Schools gravitating toward healthy fundraising

Fun runs are popular these days and bake sales are taking the back seat, partly  thanks to the changes from a “smart snacks” provision in the Healthy, Hunger-Free Kids Act of 2010. In addition, regulations that ban the sale of junk food during school hours went into effect last summer as part of a nationwide push by Michelle Obama.

The result of this push means that schools are gravitating toward healthy fundraising too.

Many parents appreciate this, especially in a society where sugary snacks and sodas seem to plague child-centered social events.
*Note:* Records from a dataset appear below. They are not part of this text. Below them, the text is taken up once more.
lemma symdiff_in_sign_syms:
  assumes "S \<in> sign_syms n A" "T \<in> sign_syms n A"
  shows "sym_diff S T \<in> sign_syms n A"
  unfolding sign_syms_def
proof (intro CollectI conjI ballI)
  show "sym_diff S T \<subseteq> {1..n}"
    using assms by (auto simp: sign_syms_def)
  fix \<alpha> assume "\<alpha> \<in> A"
  let ?s = "\<lambda>X. \<Sum>l\<in>X. Poly_Mapping.lookup \<alpha> l"
  have fin: "finite S" "finite T"
    using assms by (auto simp: sign_syms_def intro: finite_subset)
  have "?s S = ?s (S - T) + ?s (S \<inter> T)" "?s T = ?s (T - S) + ?s (S \<inter> T)"
    using fin sum.subset_diff[of "S \<inter> T" S] sum.subset_diff[of "S \<inter> T" T]
    by (simp_all add: Diff_Int Int_commute)
  moreover have "?s (sym_diff S T) = ?s (S - T) + ?s (T - S)"
    using fin by (intro sum.union_disjoint) auto
  moreover have "even (?s S)" "even (?s T)"
    using assms \<open>\<alpha> \<in> A\<close> by (auto simp: sign_syms_def)
  ultimately show "even (?s (sym_diff S T))"
    by presburger
qed

section \<open>Functions of finitely many real coordinates\<close>

lemma borel_measurable_PiM_if_continuous:
  fixes f :: "(nat \<Rightarrow> real) \<Rightarrow> 'b::topological_space"
  assumes "continuous_on UNIV f"
  shows "f \<in> borel_measurable (PiM I (\<lambda>_. lborel))"
proof -
  have "(\<lambda>z. z) \<in> PiM I (\<lambda>_. lborel) \<rightarrow>\<^sub>M PiM UNIV (\<lambda>_. borel)"
  proof (rule measurable_PiM_single')
    fix l :: nat
    show "(\<lambda>z. z l) \<in> borel_measurable (PiM I (\<lambda>_. lborel))"
    proof (cases "l \<in> I")
      case True
      then show ?thesis
        using measurable_component_singleton[of l I "\<lambda>_. lborel"] by simp
    next
      case False
      then show ?thesis
        by (subst measurable_cong[where g="\<lambda>_. undefined"]) (auto simp: space_PiM)
    qed
  qed simp
  then have "(\<lambda>z. z) \<in> borel_measurable (PiM I (\<lambda>_. lborel))"
    by (simp add: measurable_cong_sets[OF refl sets_PiM_equal_borel])
  then show ?thesis
    using borel_measurable_continuous_onI[OF assms] by (rule measurable_compose)
qed

lemma continuous_on_restrict:
  fixes g :: "'c::topological_space \<Rightarrow> 'a \<Rightarrow> 'b::topological_space"
  assumes "continuous_on A g"
  shows "continuous_on A (\<lambda>x. restrict (g x) I)"
proof (intro continuous_on_coordinatewise_then_product)
  fix i
  have "continuous_on A (\<lambda>x. g x i)"
    using continuous_on_compose2[OF continuous_on_product_coordinates assms] by simp
  then show "continuous_on A (\<lambda>x. restrict (g x) I i)"
    by (cases "i \<in> I") simp_all
qed
(* Let $U$ be Haar distributed on $\mathbb U(n)$, $n\ge 2$, and for $1\le p,q\le n$ let $T_{p,q}=\sum_{i\le p,\,j\le q}|U_{ij}|^2$. For all $1\le p,p',q,q'\le n$, $$\operatorname{Cov}(T_{p,q},T_{p',q'})=\frac{(p\wedge p')(q\wedge q')}{n^2-1}-\frac{(p\wedge p')\,qq'}{n(n^2-1)}-\frac{pp'\,(q\wedge q')}{n(n^2-1)}+\frac{pp'qq'}{n^2(n^2-1)}.$$ In particular, if $p/n\to s$, $q/n\to t$, $p'/n\to s'$, $q'/n\to t'$, then $\operatorname{Cov}(T_{p,q},T_{p',q'})\to(s\wedge s'-ss')(t\wedge t'-tt')$. *)

theory Defs
  imports "HOL-Probability.Probability"
begin

text \<open>Matrices in M_n(C) are complex^'n^'n; the dimension is n = CARD('n).
  The index type is linearly ordered so that "the first p rows" makes sense.\<close>

definition conj_transpose :: "complex^'n^'m \<Rightarrow> complex^'m^'n" where
  "conj_transpose U = (\<chi> i j. cnj (U $ j $ i))"

definition unitary_mat :: "complex^'n^'n \<Rightarrow> bool" where
  "unitary_mat U \<longleftrightarrow> U ** conj_transpose U = mat 1 \<and> conj_transpose U ** U = mat 1"

text \<open>Haar (probability) measure on the compact group U(n), viewed as a Borel
  probability measure on complex n x n matrices concentrated on U(n) and invariant
  under left multiplication by unitary matrices (unique such measure).\<close>
definition haar_unitary :: "(complex^'n^'n) measure \<Rightarrow> bool" where
  "haar_unitary M \<longleftrightarrow> prob_space M \<and> sets M = sets borel \<and>
     (AE U in M. unitary_mat U) \<and>
     (\<forall>V. unitary_mat V \<longrightarrow> distr M M (\<lambda>U. V ** U) = M)"

text \<open>0-based position of an index in the linear order of the finite index type.\<close>
definition idx :: "'n::{finite,linorder} \<Rightarrow> nat" where
  "idx i = card {j. j < i}"

text \<open>T_{p,q}(U) = sum over i <= p, j <= q of |U_ij|^2 (1-based), i.e. the first p rows
  and first q columns.\<close>
definition T_block :: "nat \<Rightarrow> nat \<Rightarrow> complex^('n::{finite,linorder})^('n::{finite,linorder}) \<Rightarrow> real" where
  "T_block p q U = (\<Sum>i\<in>{i. idx i < p}. \<Sum>j\<in>{j. idx j < q}. (cmod (U $ i $ j))\<^sup>2)"
(* Given a mixture of Bayesian network distributions that are Markovian in $\mathcal{G}$, if $X \perp \!\!\! \perp^{\mathcal{G}}_d Y \mid \vec{C}$, then for all assignments $\vec{c}$ to $\vec{C}$, $\operatorname{rk}_+(\mathbf{M}[X, Y \mid \vec c]) \leq k$.
   Context: $\mathcal{G} = (\vec{V}, \vec{E})$ is a DAG on observed discrete variables; a latent discrete variable $U \in \{1,\ldots,k\}$ is a parent of every observed variable (the augmented DAG is $\mathcal{G}'$), so the observed distribution is a $k$-mixture (over values $u$ of $U$) of distributions $\Pr(\vec V \mid u)$, each Markovian in $\mathcal{G}$. $X, Y \in \vec V$, $\vec C \subseteq \vec V$. For discrete $X,Y$ with $m$ values, the probability matrix $\mathbf{M}[X, Y \mid \vec{c}] \in [0,1]^{m\times m}$ has entries $\mathbf{M}[X, Y \mid \vec{c}]_{x,y} := \Pr(x, y \mid \vec{c})$. $\operatorname{rk}_+$ denotes nonnegative rank. $\perp \!\!\! \perp^{\mathcal{G}}_d$ denotes d-separation in $\mathcal{G}$. *)

theory Defs
  imports Complex_Main
begin

text \<open>The DAG is given by an edge relation E :: ('v \<times> 'v) set, (u,v) \<in> E meaning u \<rightarrow> v.\<close>

definition is_dag :: "('v \<times> 'v) set \<Rightarrow> bool" where
  "is_dag E \<longleftrightarrow> acyclic E"

definition parents :: "('v \<times> 'v) set \<Rightarrow> 'v \<Rightarrow> 'v set" where
  "parents E v = {w. (w, v) \<in> E}"

definition descendants :: "('v \<times> 'v) set \<Rightarrow> 'v \<Rightarrow> 'v set" where
  "descendants E v = {w. (v, w) \<in> E\<^sup>*}"

definition is_distribution :: "(('v::finite \<Rightarrow> 'a::finite) \<Rightarrow> real) \<Rightarrow> bool" where
  "is_distribution P \<longleftrightarrow> (\<forall>x. P x \<ge> 0) \<and> (\<Sum>x\<in>UNIV. P x) = 1"

definition markovian :: "('v \<times> 'v) set \<Rightarrow> (('v::finite \<Rightarrow> 'a::finite) \<Rightarrow> real) \<Rightarrow> bool" where
  "markovian E P \<longleftrightarrow>
     (\<exists>K :: 'v \<Rightarrow> 'a \<Rightarrow> ('v \<Rightarrow> 'a) \<Rightarrow> real.
        (\<forall>v a z. K v a z \<ge> 0) \<and>
        (\<forall>v z. (\<Sum>a\<in>UNIV. K v a z) = 1) \<and>
        (\<forall>v a z z'. (\<forall>w\<in>parents E v. z w = z' w) \<longrightarrow> K v a z = K v a z') \<and>
        (\<forall>x. P x = (\<Prod>v\<in>UNIV. K v (x v) x)))"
However, some states aren’t taking the news without a fight. South Carolina’s state superintendent of education Molly Spearman points out that fundraisers provide vital income and wants waivers from the smart-snack requirements for fundraisers.
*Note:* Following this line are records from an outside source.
text \<open>A profile in which every agent spends her whole unit, and only on goods whose total
  resource is minimal among her goods, is an equilibrium: by concavity, the chord slope of
  moving resource onto any of her goods never exceeds the chord slope of withdrawing it from a
  minimal one, and monotonicity makes keeping resource back useless. Such a profile exists:
  take a minimiser of the potential \<open>\<Sum>\<^sub>p W\<^sub>p\<^sup>2\<close> over the compact set of full
  profiles, since moving a little resource from a good to a strictly poorer one decreases the
  potential.\<close>

lemma concave_on_slope_antimono:
  fixes f :: "real \<Rightarrow> real"
  assumes f: "concave_on I f" and I: "a \<in> I" "b \<in> I" "c \<in> I" "d \<in> I"
    and "a < b" "b \<le> c" "c < d"
  shows "(f d - f c) / (d - c) \<le> (f b - f a) / (b - a)"
proof -
  have g: "convex_on I (\<lambda>x. - f x)"
    using f by (simp add: concave_on_def)
  have slope_g: "(- f x - - f y) / (x - y) = - ((f y - f x) / (y - x))" for x y
    by (cases "x = y") (simp_all add: field_simps)
  have ab_bd: "(f d - f b) / (d - b) \<le> (f b - f a) / (b - a)"
    using convex_on_slope_le[OF g I(1) I(4), of b] assms slope_g[of a b] slope_g[of a d] slope_g[of b d]
    by linarith
  show ?thesis
  proof (cases "b = c")
    case False
    then have "(f d - f c) / (d - c) \<le> (f d - f b) / (d - b)"
      using convex_on_slope_le(2)[OF g I(2) I(4), of c] assms slope_g[of b d] slope_g[of c d]
      by linarith
    with ab_bd show ?thesis by linarith
  qed (use ab_bd in simp)
qed

lemma sum_concave_shift_le:
  fixes u :: "real \<Rightarrow> real" and W d :: "'i \<Rightarrow> real"
  assumes concave: "concave_on I u" and mono: "mono_on I u" and "finite G"
    and W: "\<And>i. i \<in> G \<Longrightarrow> W i \<in> I" and Wd: "\<And>i. i \<in> G \<Longrightarrow> W i + d i \<in> I"
    and outflow_from_minima: "\<And>i k. i \<in> G \<Longrightarrow> k \<in> G \<Longrightarrow> d k < 0 \<Longrightarrow> W k \<le> W i"
    and "sum d G \<le> 0"
  shows "(\<Sum>i\<in>G. u (W i + d i)) \<le> (\<Sum>i\<in>G. u (W i))"
proof -
  define slope where "slope i = (u (W i + d i) - u (W i)) / d i" for i
  \<comment> \<open>\<open>\<sigma>\<close> separates the chord slopes of goods gaining resource from those of goods losing it,
    so every change is at most \<open>\<sigma> * d i\<close>\<close>
  define \<sigma> where "\<sigma> = Max (insert 0 (slope ` {i\<in>G. 0 < d i}))"
  have fin: "finite (insert 0 (slope ` {i\<in>G. 0 < d i}))"
    using \<open>finite G\<close> by simp
  have \<sigma>_nonneg: "0 \<le> \<sigma>"
    unfolding \<sigma>_def using fin by simp
  have slope_le_\<sigma>: "slope i \<le> \<sigma>" if "i \<in> G" "0 < d i" for i
    unfolding \<sigma>_def using fin that by simp
  have \<sigma>_le_slope: "\<sigma> \<le> slope k" if k: "k \<in> G" "d k < 0" for k
  proof -
    have "u (W k + d k) \<le> u (W k)"
      using mono_onD[OF mono Wd W] k by simp
    then have "0 \<le> slope k"
      using k by (simp add: slope_def divide_nonpos_neg)
    moreover have "slope i \<le> slope k" if "i \<in> G" "0 < d i" for i
      \<comment> \<open>the chord leaving the minimal level W k is steeper than any chord above it\<close>
      using concave_on_slope_antimono[OF concave Wd[OF k(1)] W[OF k(1)] W[OF that(1)] Wd[OF that(1)]]
        outflow_from_minima[OF that(1) k] k that
      by (simp add: slope_def minus_divide_right[symmetric] minus_divide_left)
    ultimately show ?thesis
      unfolding \<sigma>_def using fin by auto
  qed
  have gain_le: "u (W i + d i) - u (W i) \<le> \<sigma> * d i" if "i \<in> G" for i
  proof -
    have gain: "u (W i + d i) - u (W i) = slope i * d i" if "d i \<noteq> 0"
      using that by (simp add: slope_def)
    consider "d i = 0" | "0 < d i" | "d i < 0" by linarith
    then show ?thesis
    proof cases
      case 2
      then show ?thesis using gain slope_le_\<sigma>[OF \<open>i \<in> G\<close>] by (simp add: mult_right_mono)
    next
      case 3
      then show ?thesis using gain \<sigma>_le_slope[OF \<open>i \<in> G\<close>] by (simp add: mult_right_mono_neg)
    qed simp
  qed
  have "(\<Sum>i\<in>G. u (W i + d i)) - (\<Sum>i\<in>G. u (W i)) = (\<Sum>i\<in>G. u (W i + d i) - u (W i))"
    by (simp add: sum_subtractf)
  also have "\<dots> \<le> (\<Sum>i\<in>G. \<sigma> * d i)"
    using gain_le by (rule sum_mono)
  also have "\<dots> = \<sigma> * sum d G"
    by (simp add: sum_distrib_left)
  also have "\<dots> \<le> 0"
    using \<sigma>_nonneg \<open>sum d G \<le> 0\<close> by (simp add: mult_nonneg_nonpos)
  finally show ?thesis by simp
qed

lemma ncgg_finite_edges: "ncgg P A E \<alpha> U \<Longrightarrow> finite E"
  unfolding ncgg_def by (meson finite_SigmaI finite_subset)

lemma finite_goods_of: "finite E \<Longrightarrow> finite (goods_of E j)"
  unfolding goods_of_def by (rule finite_subset[of _ "fst ` E"]) force+

lemma finite_agents_of: "finite E \<Longrightarrow> finite (agents_of E i)"
  unfolding agents_of_def by (rule finite_subset[of _ "snd ` E"]) force+

lemma total_resource_nonneg:
  "0 \<le> \<alpha> i \<Longrightarrow> (\<And>k. k \<in> agents_of E i \<Longrightarrow> 0 \<le> x i k) \<Longrightarrow> 0 \<le> total_resource E \<alpha> x i"
  unfolding total_resource_def by (simp add: sum_nonneg)

lemma total_resource_deviate:
  assumes "finite E" and "(i, j) \<in> E"
  shows "total_resource E \<alpha> (deviate x j s) i = total_resource E \<alpha> x i - x i j + s i"
proof -
  have j: "j \<in> agents_of E i" and fin: "finite (agents_of E i)"
    using assms finite_agents_of by (auto simp: agents_of_def)
  have "(\<Sum>k\<in>agents_of E i - {j}. deviate x j s i k) = (\<Sum>k\<in>agents_of E i - {j}. x i k)"
    by (rule sum.cong) (auto simp: deviate_def)
  then show ?thesis
    unfolding total_resource_def using sum.remove[OF fin j, of "deviate x j s i"] sum.remove[OF fin j, of "x i"]
    by (simp add: deviate_def)
qed

definition full_profile :: "'a set \<Rightarrow> ('p \<times> 'a) set \<Rightarrow> ('p \<Rightarrow> 'a \<Rightarrow> real) \<Rightarrow> bool" where
  "full_profile A E x \<longleftrightarrow> is_profile A E x \<and>
     (\<forall>j\<in>A. goods_of E j \<noteq> {} \<longrightarrow> (\<Sum>i\<in>goods_of E j. x i j) = 1)"

definition levelled :: "('p \<times> 'a) set \<Rightarrow> ('p \<Rightarrow> real) \<Rightarrow> ('p \<Rightarrow> 'a \<Rightarrow> real) \<Rightarrow> bool" where
  "levelled E \<alpha> x \<longleftrightarrow> (\<forall>j i i'. i \<in> goods_of E j \<longrightarrow> i' \<in> goods_of E j \<longrightarrow> 0 < x i j \<longrightarrow>
     total_resource E \<alpha> x i \<le> total_resource E \<alpha> x i')"

lemma full_levelled_imp_pure_nash:
  assumes game: "ncgg P A E \<alpha> U"
    and mono: "\<forall>j\<in>A. mono_on {0..} (U j)" and concave: "\<forall>j\<in>A. concave_on {0..} (U j)"
    and full: "full_profile A E x" and levelled: "levelled E \<alpha> x"
  shows "pure_nash A E \<alpha> U x"
  unfolding pure_nash_def
proof (intro conjI ballI allI impI)
  show profile: "is_profile A E x"
    using full by (simp add: full_profile_def)
  fix j s
  assume j: "j \<in> A" and s: "is_strategy E j s"
  define G where "G = goods_of E j"
  define W where "W = total_resource E \<alpha> x"
  define d where "d i = s i - x i j" for i
  have finE: "finite E" and EPA: "E \<subseteq> P \<times> A" and \<alpha>: "\<forall>i\<in>P. 0 \<le> \<alpha> i"
    using game by (auto simp: ncgg_def ncgg_finite_edges)
  have ij: "(i, j) \<in> E" "i \<in> P" if "i \<in> G" for i
    using that EPA by (auto simp: G_def goods_of_def)
  have x_nonneg: "0 \<le> x i k" if "(i, k) \<in> E" for i k
    using profile that EPA by (force simp: is_profile_def is_strategy_def goods_of_def)
  have s_nonneg: "0 \<le> s i" if "i \<in> G" for i
    using s that by (simp add: is_strategy_def G_def)
  have deviate_W: "total_resource E \<alpha> (deviate x j s) i = W i + d i" if "i \<in> G" for i
    using total_resource_deviate[OF finE ij(1)[OF that]] by (simp add: W_def d_def)
  have W_nonneg: "W i \<in> {0..}" if "i \<in> G" for i
    using total_resource_nonneg[of \<alpha> i E x] \<alpha> ij[OF that] x_nonneg
    by (simp add: W_def agents_of_def)
  have Wd_nonneg: "W i + d i \<in> {0..}" if "i \<in> G" for i
    using total_resource_nonneg[of \<alpha> i E "deviate x j s"] \<alpha> ij[OF that] x_nonneg s_nonneg[OF that]
    by (simp add: deviate_W[OF that, symmetric] deviate_def agents_of_def)
  have outflow: "W k \<le> W i" if "i \<in> G" "k \<in> G" "d k < 0" for i k
    using levelled that s_nonneg[OF that(2)] by (simp add: levelled_def W_def G_def d_def)
  have "sum d G \<le> 0"
  proof (cases "G = {}")
    case False
    then have "(\<Sum>i\<in>G. x i j) = 1"
      using full j by (simp add: full_profile_def G_def)
    then show ?thesis
      using s by (simp add: d_def sum_subtractf is_strategy_def G_def)
  qed simp
  then have "(\<Sum>i\<in>G. U j (W i + d i)) \<le> (\<Sum>i\<in>G. U j (W i))"
    using sum_concave_shift_le[of "{0..}" "U j" G W d] mono concave j finite_goods_of[OF finE]
      W_nonneg Wd_nonneg outflow
    by (simp add: G_def)
  then show "\<not> payoff E \<alpha> U (deviate x j s) j > payoff E \<alpha> U x j"
    by (simp add: payoff_def deviate_W G_def W_def)
qed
Similarly, Ted Poe of Texas is working to push a bill to keep the “federal food police” from schools. His bill would prevent nutrition standards under the 2010 law from being applied to fundraisers.

I like that the First Lady recognizes the importance of good nutrition in schools and surrounding school events. Teaching and supporting healthy eating from a young age sets children up for healthy eating for the rest of their lives. I think that fundraisers that sell unhealthy, sugary-and calorie-laden snacks do not help students really, even if they do raise money. Selling these treats really doesn’t help anyone.

The last few years have been a period of change in public school meal programs with Michelle Obama in the driver’s seat. She has been instrumental in making changes for the better and I hope we see acceptance of the requirements around the country.